*What needs to be done*: From the entries below, transcribe exactly the lines between the line holding "define b where" and the line holding "b x2 y1 a +", inclusive; skip all other lines.

*Records drawn from a dataset*:
◇ ◇ ◇
lemma box_volume_nonneg_by_triangles:
  assumes above: "\<And>x1 x2 y1 y2. 0 \<le> x1 \<Longrightarrow> x1 \<le> x2 \<Longrightarrow> x2 \<le> y1 \<Longrightarrow> y1 \<le> y2 \<Longrightarrow> y2 \<le> 1
           \<Longrightarrow> 0 \<le> box_volume E x1 x2 y1 y2"
    and below: "\<And>x1 x2 y1 y2. 0 \<le> y1 \<Longrightarrow> y1 \<le> y2 \<Longrightarrow> y2 \<le> x1 \<Longrightarrow> x1 \<le> x2 \<Longrightarrow> x2 \<le> 1
           \<Longrightarrow> 0 \<le> box_volume E x1 x2 y1 y2"
    and square: "\<And>a b. 0 \<le> a \<Longrightarrow> a \<le> b \<Longrightarrow> b \<le> 1 \<Longrightarrow> 0 \<le> box_volume E a b a b"
    and box: "0 \<le> x1" "x1 \<le> x2" "x2 \<le> 1" "0 \<le> y1" "y1 \<le> y2" "y2 \<le> 1"
  shows "0 \<le> box_volume E x1 x2 y1 y2"
proof (cases "x2 \<le> y1 \<or> y2 \<le> x1")
  case True
  then show ?thesis using above below box by auto
next
  case False
  define a where "a = max x1 y1"
  define b where "b = min x2 y2"
  have ab: "x1 \<le> a" "y1 \<le> a" "a \<le> b" "b \<le> x2" "b \<le> y2"
    using False box unfolding a_def b_def by auto
  have "box_volume E x1 x2 y1 y2 =
      box_volume E x1 a y1 a + box_volume E x1 a a b + box_volume E x1 a b y2
    + box_volume E a b y1 a + box_volume E a b a b + box_volume E a b b y2
    + box_volume E b x2 y1 a + box_volume E b x2 a b + box_volume E b x2 b y2"
    unfolding box_volume_def by simp
  moreover have "box_volume E x1 a y1 a = 0" "box_volume E b x2 b y2 = 0"
    unfolding a_def b_def by (auto simp: max_def min_def box_volume_degenerate)
  moreover have "0 \<le> box_volume E x1 a a b" "0 \<le> box_volume E x1 a b y2" "0 \<le> box_volume E a b b y2"
    using above ab box by auto
  moreover have "0 \<le> box_volume E a b y1 a" "0 \<le> box_volume E b x2 y1 a" "0 \<le> box_volume E b x2 a b"
    using below ab box by auto
  moreover have "0 \<le> box_volume E a b a b"
    using square ab box by auto
  ultimately show ?thesis by linarith
qed

definition min_hat :: "(real \<Rightarrow> real) \<Rightarrow> real \<Rightarrow> real \<Rightarrow> real" where
  "min_hat \<delta> a b = Inf ((\<lambda>t. t - \<delta> t) ` {a..b})"

lemma min_hat_point: "min_hat \<delta> t t = t - \<delta> t"
  unfolding min_hat_def by simp

definition hat_drop :: "(real \<Rightarrow> real) \<Rightarrow> real \<Rightarrow> real \<Rightarrow> real" where
  "hat_drop \<delta> a b = (a - \<delta> a) - min_hat \<delta> a b"

definition sorted_chain :: "real \<Rightarrow> real list \<Rightarrow> real \<Rightarrow> bool" where
  "sorted_chain a P b \<longleftrightarrow> sorted (a # P) \<and> last (a # P) = b"

fun chain_drop :: "(real \<Rightarrow> real) \<Rightarrow> real \<Rightarrow> real list \<Rightarrow> real" where
  "chain_drop \<delta> a [] = 0"
| "chain_drop \<delta> a (b # P) = hat_drop \<delta> a b + chain_drop \<delta> b P"

definition total_drop :: "(real \<Rightarrow> real) \<Rightarrow> real \<Rightarrow> real" where
  "total_drop \<delta> x = Sup {chain_drop \<delta> 0 P | P. sorted_chain 0 P x}"

lemma sorted_chain_Nil [simp]: "sorted_chain a [] b \<longleftrightarrow> a = b"
  unfolding sorted_chain_def by auto

lemma sorted_chain_Cons [simp]: "sorted_chain a (c # P) b \<longleftrightarrow> a \<le> c \<and> sorted_chain c P b"
  unfolding sorted_chain_def by (auto intro: order_trans)

lemma sorted_chain_le: "sorted_chain a P b \<Longrightarrow> a \<le> b"
  by (induction P arbitrary: a) (auto intro: order_trans)

lemma sorted_chain_snoc: "sorted_chain a P b \<Longrightarrow> b \<le> c \<Longrightarrow> sorted_chain a (P @ [c]) c"
  by (induction P arbitrary: a) auto

lemma chain_drop_snoc: "sorted_chain a P b \<Longrightarrow> chain_drop \<delta> a (P @ [c]) = chain_drop \<delta> a P + hat_drop \<delta> b c"
  by (induction P arbitrary: a) auto

context
  fixes \<delta> :: "real \<Rightarrow> real"
  assumes \<delta>: "diagonal_section \<delta>"
begin

lemma diagonal_copula_exists: obtains C where "copula C" "has_diagonal C \<delta>"
  using \<delta> unfolding diagonal_section_def by blast

lemma diagonal_0: "\<delta> 0 = 0" and diagonal_1: "\<delta> 1 = 1"
proof -
  obtain C where "copula C" "has_diagonal C \<delta>" by (rule diagonal_copula_exists)
  then show "\<delta> 0 = 0" "\<delta> 1 = 1"
    using has_diagonalD[of C \<delta> 0] has_diagonalD[of C \<delta> 1] copula_margins[of C 0] copula_margins[of C 1]
    by auto
qed

lemma diagonal_le: "t \<in> {0..1} \<Longrightarrow> \<delta> t \<le> t"
proof -
  assume t: "t \<in> {0..1}"
  obtain C where C: "copula C" "has_diagonal C \<delta>" by (rule diagonal_copula_exists)
  have "C t t \<le> C t 1" using copula_mono_right[OF C(1) t t] t by auto
  then show ?thesis using copula_margins(3)[OF C(1) t] has_diagonalD[OF C(2) t] by simp
qed

lemma diagonal_nonneg: "t \<in> {0..1} \<Longrightarrow> 0 \<le> \<delta> t"
proof -
  assume t: "t \<in> {0..1}"
  obtain C where C: "copula C" "has_diagonal C \<delta>" by (rule diagonal_copula_exists)
  show ?thesis using copula_range[OF C(1) t t] has_diagonalD[OF C(2) t] by simp
qed

lemma hat_image_bounded:
  assumes "0 \<le> a" "a \<le> b" "b \<le> 1"
  shows "(\<lambda>t. t - \<delta> t) ` {a..b} \<noteq> {}" "bdd_below ((\<lambda>t. t - \<delta> t) ` {a..b})"
  using assms diagonal_le by (auto intro!: bdd_belowI[where m = 0])

lemma min_hat_le: "0 \<le> a \<Longrightarrow> b \<le> 1 \<Longrightarrow> t \<in> {a..b} \<Longrightarrow> min_hat \<delta> a b \<le> t - \<delta> t"
  unfolding min_hat_def using hat_image_bounded[of a b] by (intro cInf_lower) auto

lemma min_hat_greatest:
  "0 \<le> a \<Longrightarrow> a \<le> b \<Longrightarrow> b \<le> 1 \<Longrightarrow> (\<And>t. t \<in> {a..b} \<Longrightarrow> c \<le> t - \<delta> t) \<Longrightarrow> c \<le> min_hat \<delta> a b"
  unfolding min_hat_def using hat_image_bounded[of a b] by (intro cInf_greatest) auto

lemma min_hat_nonneg: "0 \<le> a \<Longrightarrow> a \<le> b \<Longrightarrow> b \<le> 1 \<Longrightarrow> 0 \<le> min_hat \<delta> a b"
  using min_hat_greatest[of a b 0] diagonal_le by auto

lemma min_hat_split:
  assumes "0 \<le> a" "a \<le> b" "b \<le> c" "c \<le> 1"
  shows "min_hat \<delta> a c = min (min_hat \<delta> a b) (min_hat \<delta> b c)"
proof -
  have "{a..c} = {a..b} \<union> {b..c}" using assms by auto
  then have "(\<lambda>t. t - \<delta> t) ` {a..c} = (\<lambda>t. t - \<delta> t) ` {a..b} \<union> (\<lambda>t. t - \<delta> t) ` {b..c}" by auto
  then show ?thesis unfolding min_hat_def
    using hat_image_bounded[of a b] hat_image_bounded[of b c] assms
    by (simp add: cInf_union_distrib inf_min)
qed

lemma min_hat_0_left: "x \<in> {0..1} \<Longrightarrow> min_hat \<delta> 0 x = 0"
  using min_hat_nonneg[of 0 x] min_hat_le[of 0 x 0] diagonal_0 by auto

lemma min_hat_1_right: "x \<in> {0..1} \<Longrightarrow> min_hat \<delta> x 1 = 0"
  using min_hat_nonneg[of x 1] min_hat_le[of x 1 1] diagonal_1 by auto

lemma hat_drop_superadditive:
  assumes "0 \<le> a" "a \<le> b" "b \<le> c" "c \<le> 1"
  shows "hat_drop \<delta> a c \<le> hat_drop \<delta> a b + hat_drop \<delta> b c"
  using min_hat_split[OF assms] min_hat_le[of a b b] min_hat_le[of b c b] assms
  unfolding hat_drop_def by (auto simp: min_def)

lemma Bertino_lower_bound:
  assumes C: "copula C" "has_diagonal C \<delta>" and ab: "0 \<le> a" "a \<le> b" "b \<le> 1"
  shows "a - min_hat \<delta> a b \<le> C b a"
proof -
  have "a - C b a \<le> min_hat \<delta> a b"
  proof (rule min_hat_greatest)
    fix t assume t: "t \<in> {a..b}"
    have "C t a \<le> C b a" using copula_mono_left[OF C(1), of a t b] t ab by auto
    moreover have "C t t - C t a \<le> t - a" using copula_lipschitz_right[OF C(1), of t a t] t ab by auto
    moreover have "C t t = \<delta> t" using has_diagonalD[OF C(2)] t ab by auto
    ultimately show "a - C b a \<le> t - \<delta> t" by linarith
  qed (use ab in auto)
  then show ?thesis by linarith
qed

lemma hat_drop_le_copula:
  assumes C: "copula C" "has_diagonal C \<delta>" and "0 \<le> a" "a \<le> s" "s \<le> c" "c \<le> 1"
  shows "hat_drop \<delta> s c \<le> (\<delta> c - C a c) - (\<delta> s - C a s)"
proof -
  have "0 \<le> box_volume C s c s c" "0 \<le> box_volume C a s s c"
    using copula_box_volume_nonneg[OF C(1)] assms by auto
  moreover have "s - min_hat \<delta> s c \<le> C c s" using Bertino_lower_bound[OF C, of s c] assms by auto
  moreover have "C s s = \<delta> s" "C c c = \<delta> c" using has_diagonalD[OF C(2)] assms by auto
  ultimately show ?thesis unfolding hat_drop_def box_volume_def by linarith
qed

lemma chain_drop_le_copula:
  assumes C: "copula C" "has_diagonal C \<delta>"
  shows "0 \<le> a \<Longrightarrow> a \<le> s \<Longrightarrow> sorted_chain s P b \<Longrightarrow> b \<le> 1 \<Longrightarrow>
    chain_drop \<delta> s P \<le> (\<delta> b - C a b) - (\<delta> s - C a s)"
proof (induction P arbitrary: s)
  case (Cons c P)
  then have "c \<le> b" using sorted_chain_le by auto
  then have "hat_drop \<delta> s c \<le> (\<delta> c - C a c) - (\<delta> s - C a s)"
    using hat_drop_le_copula[OF C, of a s c] Cons.prems by auto
  moreover have "chain_drop \<delta> c P \<le> (\<delta> b - C a b) - (\<delta> c - C a c)"
    using Cons.IH[of c] Cons.prems by auto
  ultimately show ?case by simp
qed simp

lemma chain_drop_split:
  "sorted_chain s P b \<Longrightarrow> 0 \<le> s \<Longrightarrow> s \<le> a \<Longrightarrow> a \<le> b \<Longrightarrow> b \<le> 1 \<Longrightarrow>
   \<exists>P1 P2. sorted_chain s P1 a \<and> sorted_chain a P2 b
     \<and> chain_drop \<delta> s P \<le> chain_drop \<delta> s P1 + chain_drop \<delta> a P2"
proof (induction P arbitrary: s)
  case Nil
  then show ?case by (intro exI[of _ "[]"]) auto
next
  case (Cons c P)
  show ?case
  proof (cases "c \<le> a")
    case True
    then obtain P1 P2 where "sorted_chain c P1 a" "sorted_chain a P2 b"
        "chain_drop \<delta> c P \<le> chain_drop \<delta> c P1 + chain_drop \<delta> a P2"
      using Cons.IH[of c] Cons.prems by auto
    then show ?thesis using Cons.prems by (intro exI[of _ "c # P1"] exI[of _ P2]) auto
  next
    case False
    have "c \<le> b" using Cons.prems sorted_chain_le by auto
    then have "hat_drop \<delta> s c \<le> hat_drop \<delta> s a + hat_drop \<delta> a c"
      using hat_drop_superadditive[of s a c] Cons.prems False by auto
    then show ?thesis using Cons.prems False by (intro exI[of _ "[a]"] exI[of _ "c # P"]) auto
  qed
qed

lemma total_drop_bounded:
  assumes x: "x \<in> {0..1}"
  shows "{chain_drop \<delta> 0 P | P. sorted_chain 0 P x} \<noteq> {}"
    and "bdd_above {chain_drop \<delta> 0 P | P. sorted_chain 0 P x}"
proof -
  show "{chain_drop \<delta> 0 P | P. sorted_chain 0 P x} \<noteq> {}"
    using x by (auto intro!: exI[of _ "[x]"])
  obtain C where C: "copula C" "has_diagonal C \<delta>" by (rule diagonal_copula_exists)
  have "chain_drop \<delta> 0 P \<le> 1" if "sorted_chain 0 P x" for P
    using chain_drop_le_copula[OF C, of 0 0 P x] that x copula_margins(2)[OF C(1)] diagonal_0
      diagonal_le[OF x] by auto
  then show "bdd_above {chain_drop \<delta> 0 P | P. sorted_chain 0 P x}"
    by (auto intro: bdd_aboveI[of _ 1])
qed

lemma chain_drop_le_total_drop: "x \<in> {0..1} \<Longrightarrow> sorted_chain 0 P x \<Longrightarrow> chain_drop \<delta> 0 P \<le> total_drop \<delta> x"
  unfolding total_drop_def using total_drop_bounded[of x] by (intro cSup_upper) auto

lemma total_drop_least:
  "x \<in> {0..1} \<Longrightarrow> (\<And>P. sorted_chain 0 P x \<Longrightarrow> chain_drop \<delta> 0 P \<le> M) \<Longrightarrow> total_drop \<delta> x \<le> M"
  unfolding total_drop_def using total_drop_bounded[of x] by (intro cSup_least) auto

lemma total_drop_superadditive:
  assumes "0 \<le> a" "a \<le> b" "b \<le> 1"
  shows "total_drop \<delta> a + hat_drop \<delta> a b \<le> total_drop \<delta> b"
proof -
  have "total_drop \<delta> a \<le> total_drop \<delta> b - hat_drop \<delta> a b"
  proof (rule total_drop_least)
    fix P assume P: "sorted_chain 0 P a"
    then have "chain_drop \<delta> 0 (P @ [b]) \<le> total_drop \<delta> b"
      using chain_drop_le_total_drop sorted_chain_snoc assms by auto
    then show "chain_drop \<delta> 0 P \<le> total_drop \<delta> b - hat_drop \<delta> a b"
      using chain_drop_snoc[OF P] by simp
  qed (use assms in auto)
  then show ?thesis by simp
qed

lemma total_drop_le_copula:
  assumes C: "copula C" "has_diagonal C \<delta>" and ab: "0 \<le> a" "a \<le> b" "b \<le> 1"
  shows "total_drop \<delta> b \<le> total_drop \<delta> a + (\<delta> b - C a b)"
proof (rule total_drop_least)
  fix P assume "sorted_chain 0 P b"
  then obtain P1 P2 where P: "sorted_chain 0 P1 a" "sorted_chain a P2 b"
      "chain_drop \<delta> 0 P \<le> chain_drop \<delta> 0 P1 + chain_drop \<delta> a P2"
    using chain_drop_split ab by blast
  have "chain_drop \<delta> 0 P1 \<le> total_drop \<delta> a" using chain_drop_le_total_drop P(1) ab by auto
  moreover have "chain_drop \<delta> a P2 \<le> (\<delta> b - C a b) - (\<delta> a - C a a)"
    using chain_drop_le_copula[OF C, of a a P2 b] P(2) ab by auto
  moreover have "C a a = \<delta> a" using has_diagonalD[OF C(2)] ab by auto
  ultimately show "chain_drop \<delta> 0 P \<le> total_drop \<delta> a + (\<delta> b - C a b)" using P(3) by linarith
qed (use ab in auto)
◇ ◇ ◇
*Response to the task*:
  define b where "b = min x2 y2"
  have ab: "x1 \<le> a" "y1 \<le> a" "a \<le> b" "b \<le> x2" "b \<le> y2"
    using False box unfolding a_def b_def by auto
  have "box_volume E x1 x2 y1 y2 =
      box_volume E x1 a y1 a + box_volume E x1 a a b + box_volume E x1 a b y2
    + box_volume E a b y1 a + box_volume E a b a b + box_volume E a b b y2
    + box_volume E b x2 y1 a + box_volume E b x2 a b + box_volume E b x2 b y2"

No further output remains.